*What you will do*.
Look for the word "unfolding" in the material below. Copy each line that has it.

*Material for this exercise*.
Content starts

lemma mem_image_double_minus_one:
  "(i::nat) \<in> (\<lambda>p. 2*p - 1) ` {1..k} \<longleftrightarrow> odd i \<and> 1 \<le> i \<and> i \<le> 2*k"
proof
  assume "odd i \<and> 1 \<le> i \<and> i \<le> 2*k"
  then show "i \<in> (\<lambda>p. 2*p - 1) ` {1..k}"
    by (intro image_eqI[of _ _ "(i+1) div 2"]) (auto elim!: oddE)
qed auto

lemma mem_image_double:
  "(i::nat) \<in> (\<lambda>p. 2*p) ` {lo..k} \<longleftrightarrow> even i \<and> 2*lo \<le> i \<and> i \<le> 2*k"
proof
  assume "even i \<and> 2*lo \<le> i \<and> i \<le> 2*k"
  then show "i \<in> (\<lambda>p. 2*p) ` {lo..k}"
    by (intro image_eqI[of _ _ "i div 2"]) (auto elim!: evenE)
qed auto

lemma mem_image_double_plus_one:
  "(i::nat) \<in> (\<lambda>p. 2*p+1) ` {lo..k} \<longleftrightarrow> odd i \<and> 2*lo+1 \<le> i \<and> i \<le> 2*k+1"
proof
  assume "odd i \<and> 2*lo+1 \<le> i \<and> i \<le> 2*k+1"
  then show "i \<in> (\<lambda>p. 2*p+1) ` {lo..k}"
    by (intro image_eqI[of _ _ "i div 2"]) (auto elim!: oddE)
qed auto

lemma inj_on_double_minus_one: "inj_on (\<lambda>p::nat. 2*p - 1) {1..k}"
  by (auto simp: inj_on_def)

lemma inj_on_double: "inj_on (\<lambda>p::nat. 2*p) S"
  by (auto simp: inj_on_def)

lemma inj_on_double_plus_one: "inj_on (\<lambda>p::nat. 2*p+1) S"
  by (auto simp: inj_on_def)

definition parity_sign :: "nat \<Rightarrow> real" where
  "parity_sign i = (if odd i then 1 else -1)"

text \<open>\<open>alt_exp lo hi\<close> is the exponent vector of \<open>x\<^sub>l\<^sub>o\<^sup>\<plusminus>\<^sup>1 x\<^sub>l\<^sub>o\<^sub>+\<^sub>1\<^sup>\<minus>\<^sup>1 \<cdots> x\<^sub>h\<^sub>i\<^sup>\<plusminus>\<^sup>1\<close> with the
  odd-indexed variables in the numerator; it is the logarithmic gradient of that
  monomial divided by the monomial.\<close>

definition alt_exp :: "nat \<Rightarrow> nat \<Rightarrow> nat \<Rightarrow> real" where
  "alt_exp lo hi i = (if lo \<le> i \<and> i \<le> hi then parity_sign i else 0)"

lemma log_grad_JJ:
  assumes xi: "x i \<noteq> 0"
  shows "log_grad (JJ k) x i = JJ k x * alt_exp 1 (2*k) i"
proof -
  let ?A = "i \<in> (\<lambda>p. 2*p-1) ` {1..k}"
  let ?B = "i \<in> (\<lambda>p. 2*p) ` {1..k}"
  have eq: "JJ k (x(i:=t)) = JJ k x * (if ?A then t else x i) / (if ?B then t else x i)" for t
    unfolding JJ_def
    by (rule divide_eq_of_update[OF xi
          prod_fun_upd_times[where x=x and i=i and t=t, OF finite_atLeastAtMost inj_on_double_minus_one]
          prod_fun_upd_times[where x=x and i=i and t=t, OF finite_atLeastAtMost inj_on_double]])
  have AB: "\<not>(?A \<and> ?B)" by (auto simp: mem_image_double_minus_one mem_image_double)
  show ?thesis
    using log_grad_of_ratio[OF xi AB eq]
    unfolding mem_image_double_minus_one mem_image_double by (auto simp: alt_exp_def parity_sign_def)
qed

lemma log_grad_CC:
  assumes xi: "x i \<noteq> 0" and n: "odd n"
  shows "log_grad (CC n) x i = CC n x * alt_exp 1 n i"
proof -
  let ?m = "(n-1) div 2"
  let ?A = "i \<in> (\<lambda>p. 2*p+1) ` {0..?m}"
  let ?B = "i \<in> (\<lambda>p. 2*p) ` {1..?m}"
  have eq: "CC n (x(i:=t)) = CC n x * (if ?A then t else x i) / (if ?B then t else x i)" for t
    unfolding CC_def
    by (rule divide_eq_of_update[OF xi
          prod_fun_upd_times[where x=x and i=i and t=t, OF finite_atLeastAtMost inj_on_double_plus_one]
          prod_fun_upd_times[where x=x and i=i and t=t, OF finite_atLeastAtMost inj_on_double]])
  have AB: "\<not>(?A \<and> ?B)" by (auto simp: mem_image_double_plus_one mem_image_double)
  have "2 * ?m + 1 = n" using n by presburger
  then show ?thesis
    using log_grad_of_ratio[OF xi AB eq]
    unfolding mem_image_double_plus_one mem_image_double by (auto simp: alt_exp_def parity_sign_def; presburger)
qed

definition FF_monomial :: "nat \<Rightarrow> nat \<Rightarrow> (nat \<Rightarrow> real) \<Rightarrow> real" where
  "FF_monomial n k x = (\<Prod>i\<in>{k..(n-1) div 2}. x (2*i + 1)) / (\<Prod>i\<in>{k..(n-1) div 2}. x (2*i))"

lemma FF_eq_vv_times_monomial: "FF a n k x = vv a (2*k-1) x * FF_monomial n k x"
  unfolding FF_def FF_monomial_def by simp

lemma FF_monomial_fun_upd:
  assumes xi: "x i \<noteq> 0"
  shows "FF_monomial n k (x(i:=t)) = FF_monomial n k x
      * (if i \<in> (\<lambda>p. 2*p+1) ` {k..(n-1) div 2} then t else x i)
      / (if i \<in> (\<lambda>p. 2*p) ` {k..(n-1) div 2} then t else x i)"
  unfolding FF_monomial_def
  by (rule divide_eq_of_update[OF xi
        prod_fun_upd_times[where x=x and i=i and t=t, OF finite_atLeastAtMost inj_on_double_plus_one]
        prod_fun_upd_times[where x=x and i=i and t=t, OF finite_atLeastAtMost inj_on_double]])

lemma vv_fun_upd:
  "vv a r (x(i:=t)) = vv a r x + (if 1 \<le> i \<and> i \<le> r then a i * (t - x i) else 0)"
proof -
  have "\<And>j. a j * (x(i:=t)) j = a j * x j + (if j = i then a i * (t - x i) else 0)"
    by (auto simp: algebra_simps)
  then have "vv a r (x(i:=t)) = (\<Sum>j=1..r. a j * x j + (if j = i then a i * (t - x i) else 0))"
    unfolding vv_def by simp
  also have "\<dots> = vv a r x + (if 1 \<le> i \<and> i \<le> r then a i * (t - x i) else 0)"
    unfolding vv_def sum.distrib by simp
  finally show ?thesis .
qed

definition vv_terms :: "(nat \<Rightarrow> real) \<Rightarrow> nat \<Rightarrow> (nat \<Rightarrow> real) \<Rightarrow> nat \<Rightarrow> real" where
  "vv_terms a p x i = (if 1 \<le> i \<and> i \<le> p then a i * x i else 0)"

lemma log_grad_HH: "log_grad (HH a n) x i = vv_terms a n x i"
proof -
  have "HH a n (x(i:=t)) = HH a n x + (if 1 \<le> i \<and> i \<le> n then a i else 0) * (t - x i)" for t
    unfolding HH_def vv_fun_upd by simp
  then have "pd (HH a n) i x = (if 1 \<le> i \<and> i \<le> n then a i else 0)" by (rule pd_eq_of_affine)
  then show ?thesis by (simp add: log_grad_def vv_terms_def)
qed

Content ends

*Your response*.
    unfolding JJ_def
    unfolding mem_image_double_minus_one mem_image_double by (auto simp: alt_exp_def parity_sign_def)
    unfolding CC_def
    unfolding mem_image_double_plus_one mem_image_double by (auto simp: alt_exp_def parity_sign_def; presburger)
  unfolding FF_def FF_monomial_def by simp
  unfolding FF_monomial_def
    unfolding vv_def by simp
    unfolding vv_def sum.distrib by simp
    unfolding HH_def vv_fun_upd by simp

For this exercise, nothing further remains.